Nutritional status can affect the body’s response to drugs; malnutrition and obesity cause multiple physiological changes. The therapeutic response is more difficult to predict with respect to malnutrition status because patients with nutritional deficiency have more complicated problems, such as hypoalbuminemia and macronutrient and micronutrient deficiencies, which affect the levels of ASM [36]. Obesity can be characterized by an increase in blood flow and gastrointestinal transit, changes in body composition, hepatomegaly, and liver and kidney disorders. These pathophysiological differences lead to changes in drug pharmacokinetics that can significantly affect dosage, clinical tolerance, and efficacy [26]. In our case, we observed that severe malnutrition was associated with a risk reduction of approximately 50% for nonsevere ASM-ADR recurrence compared with the reference category of normal weight. According to only two models (AG and PWP-GT models), obesity is associated with a 200% greater risk of severe ASM-ADR than the reference category of normal weight. These effects are difficult to explain since previous studies have reported controversial results.
Hypoalbuminemia is a common characteristic of severe malnutrition and is characterized by a decrease in the level of albumin in plasma, which in turn increases the Vd of some drugs, such as VPA [37]. In malnourished pediatric patients, an increase in the free VPA concentration compared with that in healthy children was observed; however, no correlation was detected between elevated free serum VPA concentrations and ADRs [37]. Hypoalbuminemia also reduces the protein binding of PHT in plasma, and both the ratio of free/total PHT concentration and the total PHT concentration may be altered [38,39]. Ramasamy et al. (2010) reported that the concentration of free PHT in epileptic patients with malnutrition was 127% greater than that in normal nutrition patients [39]. In contrast, Bano et al. (1985) reported that the absorption kinetics, peak concentration and time to reach peak concentration in malnourished children treated with PHT did not significantly differ from those in the control group [40]. On the other hand, some works have focused on discovering the effects of obesity on the pharmacokinetics of ASM. In pediatric patients with obesity treated with fosphenytoin, no significant differences were found in the serum concentrations of PHT or its free fraction [41,42]. Similarly, Prusakov et al. (2018) reported that the total levels and Vd of PHT were similar between pediatric patients with and without obesity [43]. In terms of the adverse effects observed in obese patients treated with PHT, there are no significant differences in the type or frequency of adverse events between obese children and adults and normal-weight patients [42,44]. These reports suggest that while there are modifications in some pharmacokinetic parameters of ASM, this is not reflected in the presence of more ADRs in pediatric epileptic patients with malnutrition or obesity. This could obviate the need to consider nutritional status when prescribing ASM. However, as we mentioned before, a child with epilepsy is the sum of all their characteristics; with our models, we found that this characteristic is relevant for the development of recurrent ASM-ADRs.
Despite the strengths and merits of our study, there are several limitations that may impact the interpretation of ADR recurrence risk factors. First, intensive pharmacovigilance during the hospitalization period is restricted because ADRs that may occur after medical discharge are underreported, making outpatient follow-up necessary to record the full spectrum of events and determine the real frequency of ADR recurrence in long-term treatment. This could be achieved from logbooks completed by patients or their caregivers. Second, treatment modifications or ASM switching during the follow-up were not modeled as time-varying covariates, potentially confounding recurrence estimates owing to unaccounted changes in ASM type or dosage.

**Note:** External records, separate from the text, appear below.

definition locally_prefix_replacing ::
  "nat \<Rightarrow> (nat \<Rightarrow> nat) set \<Rightarrow> ((nat \<Rightarrow> nat) \<Rightarrow> (nat \<Rightarrow> nat)) \<Rightarrow> bool" where
  "locally_prefix_replacing d H g \<longleftrightarrow>
     (\<forall>y \<in> inf_words d. \<exists>w1 w2 \<sigma>. w1 \<in> fin_words d \<and> w2 \<in> fin_words d \<and> \<sigma> \<in> H \<and>
        y \<in> word_ball d w1 \<and>
        (\<forall>z \<in> word_ball d w1. g z = conc w2 (\<sigma> \<circ> (\<lambda>i. z (i + length w1)))))"

definition V_carrier :: "nat \<Rightarrow> (nat \<Rightarrow> nat) set \<Rightarrow> ((nat \<Rightarrow> nat) \<Rightarrow> (nat \<Rightarrow> nat)) set" where
  "V_carrier d H = {g. homeo_words d g \<and> locally_prefix_replacing d H g}"

definition V_group :: "nat \<Rightarrow> (nat \<Rightarrow> nat) set \<Rightarrow> ((nat \<Rightarrow> nat) \<Rightarrow> (nat \<Rightarrow> nat)) monoid" where
  "V_group d H = (BijGroup (inf_words d)) \<lparr> carrier := V_carrier d H \<rparr>"

definition stab_group :: "nat \<Rightarrow> (nat \<Rightarrow> nat) set \<Rightarrow> (nat \<Rightarrow> nat) \<Rightarrow>
    ((nat \<Rightarrow> nat) \<Rightarrow> (nat \<Rightarrow> nat)) monoid" where
  "stab_group d H x = (V_group d H) \<lparr> carrier := {g \<in> V_carrier d H. g x = x} \<rparr>"

definition open_words :: "nat \<Rightarrow> (nat \<Rightarrow> nat) set \<Rightarrow> bool" where
  "open_words d U \<longleftrightarrow> U \<subseteq> inf_words d \<and>
     (\<forall>y \<in> U. \<exists>n. \<forall>z \<in> inf_words d. (\<forall>i < n. z i = y i) \<longrightarrow> z \<in> U)"

definition germ_trivial :: "nat \<Rightarrow> (nat \<Rightarrow> nat) set \<Rightarrow> (nat \<Rightarrow> nat) \<Rightarrow>
    ((nat \<Rightarrow> nat) \<Rightarrow> (nat \<Rightarrow> nat)) set" where
  "germ_trivial d H x = {g \<in> carrier (stab_group d H x).
     \<exists>U. open_words d U \<and> x \<in> U \<and> (\<forall>y \<in> U. g y = y)}"

definition germ_group :: "nat \<Rightarrow> (nat \<Rightarrow> nat) set \<Rightarrow> (nat \<Rightarrow> nat) \<Rightarrow>
    ((nat \<Rightarrow> nat) \<Rightarrow> (nat \<Rightarrow> nat)) set monoid" where
  "germ_group d H x = stab_group d H x Mod germ_trivial d H x"

definition eventual_isotropy :: "nat \<Rightarrow> (nat \<Rightarrow> nat) set \<Rightarrow> (nat \<Rightarrow> nat) \<Rightarrow> (nat \<Rightarrow> nat) set" where
  "eventual_isotropy d H x = {\<sigma> \<in> H. \<forall>a. infinite {i. x i = a} \<longrightarrow> \<sigma> a = a}"

definition eventual_isotropy_group :: "nat \<Rightarrow> (nat \<Rightarrow> nat) set \<Rightarrow> (nat \<Rightarrow> nat) \<Rightarrow>
    (nat \<Rightarrow> nat) monoid" where
  "eventual_isotropy_group d H x = (sym_group d) \<lparr> carrier := eventual_isotropy d H x \<rparr>"

definition semidirect_product :: "('a, 'c) monoid_scheme \<Rightarrow> ('b, 'e) monoid_scheme \<Rightarrow>
    ('b \<Rightarrow> 'a \<Rightarrow> 'a) \<Rightarrow> ('a \<times> 'b) monoid" where
  "semidirect_product N K \<phi> =
     \<lparr> carrier = carrier N \<times> carrier K,
       monoid.mult = (\<lambda>(a, k) (b, l). (a \<otimes>\<^bsub>N\<^esub> \<phi> k b, k \<otimes>\<^bsub>K\<^esub> l)),
       one = (\<one>\<^bsub>N\<^esub>, \<one>\<^bsub>K\<^esub>) \<rparr>"

end

theory Submission
  imports Defs
begin

text \<open>
  On a ball around x, an element g of the stabiliser of x has the form w1 y \<mapsto> w2 \<sigma>(y).
  For d \<ge> 2 the shift |w1| - |w2| and the permutation \<sigma> do not depend on the ball, and
  g \<mapsto> (|w1| - |w2|, \<sigma>) is a homomorphism into \<int> \<times> \<Sigma>_d with kernel N_x; so G_x is isomorphic
  to its image I. As g fixes x, x(|w2| + k) = \<sigma>(x(|w1| + k)) for all k: a nonzero shift makes x
  eventually periodic, and shift 0 forces \<sigma> to fix every letter recurring in x. Conversely each
  \<sigma> \<in> H_x is realised with shift 0 by acting with \<sigma> beyond the last non-recurring letter, and
  for x = u v v v \<dots> two prefix exchanges realise the shift |v|. Hence the elements of I with
  shift 0 form a copy of H_x, and I is either that copy or an extension of a nontrivial subgroup
  of \<int> by it, which splits as H_x \<rtimes> \<int>.
\<close>

section \<open>Extensions of subgroups of the integers\<close>

lemma subgroup_integer_group_generator:
  assumes A: "subgroup A integer_group" and nontriv: "A \<noteq> {0}"
  obtains n where "n > 0" "n \<in> A" "\<And>a. a \<in> A \<Longrightarrow> n dvd a"
proof -
  interpret A: subgroup A integer_group by (fact A)
  have "0 \<in> A" using A.one_closed by simp
  then obtain a where a: "a \<in> A" "a \<noteq> 0" using nontriv by blast
  have neg: "- b \<in> A" if "b \<in> A" for b using A.m_inv_closed[OF that] by simp
  have "\<exists>m::nat. m > 0 \<and> int m \<in> A"
    using a neg[OF a(1)] by (intro exI[of _ "nat \<bar>a\<bar>"]) (auto simp: abs_if)
  define m where "m = (LEAST m::nat. m > 0 \<and> int m \<in> A)"
  have m: "m > 0" "int m \<in> A" using LeastI_ex[OF \<open>\<exists>m. _\<close>] unfolding m_def by auto
  have multiples: "k * int m \<in> A" for k
    using group.subgroup_int_pow_closed[OF group_integer_group A m(2), of k] by simp
  have "int m dvd b" if b: "b \<in> A" for b
  proof -
    have "b mod int m = b + (- (b div int m) * int m)" by (simp add: minus_div_mult_eq_mod[symmetric])
    also have "\<dots> \<in> A" using A.m_closed[OF b multiples] by (simp del: mult_minus_left)
    finally have r: "b mod int m \<in> A" .
    have "nat (b mod int m) = 0"
    proof (rule ccontr)
      assume "nat (b mod int m) \<noteq> 0"
      moreover have "nat (b mod int m) < m" using m(1) by (simp add: nat_less_iff)
      ultimately show False
        using not_less_Least[of "nat (b mod int m)" "\<lambda>m. m > 0 \<and> int m \<in> A"] r m(1)
        unfolding m_def[symmetric] by simp
    qed
    moreover have "b mod int m \<ge> 0" using m(1) by simp
    ultimately show ?thesis by (simp add: dvd_eq_mod_eq_0)
  qed
  then show thesis using m by (intro that[of "int m"]) auto
qed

Third, dynamic clinical variables such as dose changes, the appearance of comorbidities, concomitant medications, drug interactions, or changes in nutritional status during follow-up were not incorporated and may introduce residual confounding by influencing ADR risk in pediatric patients with complex medical profiles. In some cases, this was because such data were not recorded in the clinical files or because there was no actual monitoring of a variable. Furthermore, the study did not include direct pharmacokinetic measurements or biomarkers that would allow for pathophysiological validation of the findings related to the mechanisms of action or toxicity. Because the study was conducted in a tertiary care hospital, the generalizability of the results to other levels of care or settings with lower diagnostic capacity may be limited. Finally, the sample size of some specific subgroups, such as children under one year of age or patients with obesity, may affect the accuracy of risk estimates in these clinical profiles.
Finally, in our previous study [9], we conducted a descriptive analysis of ADRs, focusing on their characteristics. However, that study did not incorporate the temporal dimension or the recurrence of events. In contrast, the present work explicitly integrates time by modeling the repetition of ADRs over 122 months period via survival models for recurrent events. This temporal component represents a major contribution, as it allows us not only to identify which patients are at higher risk of ADRs but also to estimate when these events are most likely to recur. Thus, this study offers a more powerful clinical tool, enabling targeted monitoring and prevention strategies on the basis of the dynamic risk profile of each patient. Therefore, this second study complements and expands upon the original findings by providing a longitudinal and predictive perspective that enhances our understanding of ADR safety patterns in pediatric epilepsy treatment.

4. Materials and Methods

4.1. Study Setting and Design

This was a cohort, prospective, observational, longitudinal, and descriptive study carried out in the neurology hospitalization area at the National Institute of Pediatrics (INP) from October 2012 to December 2022, Mexico city, Mexico.

4.2. Patients

Pediatric patients (from 0 to 18 years of age) with a diagnosis of epilepsy (given or confirmed by INP neurologists) and hospitalized at the INP were included. The patients had complete medical records, and their treatment, either as monotherapy or polytherapy, included one of the following ASM: LEV, VPA, PHT, OXC, TPM, clonazepam, carbamazepine, gabapentin, or clobazam. It should be noted that during the study, the physician made the adjustment of the doses and made the monitoring of the plasmatic levels of the VPA, PHT, and OXC until they obtained the therapeutic effects.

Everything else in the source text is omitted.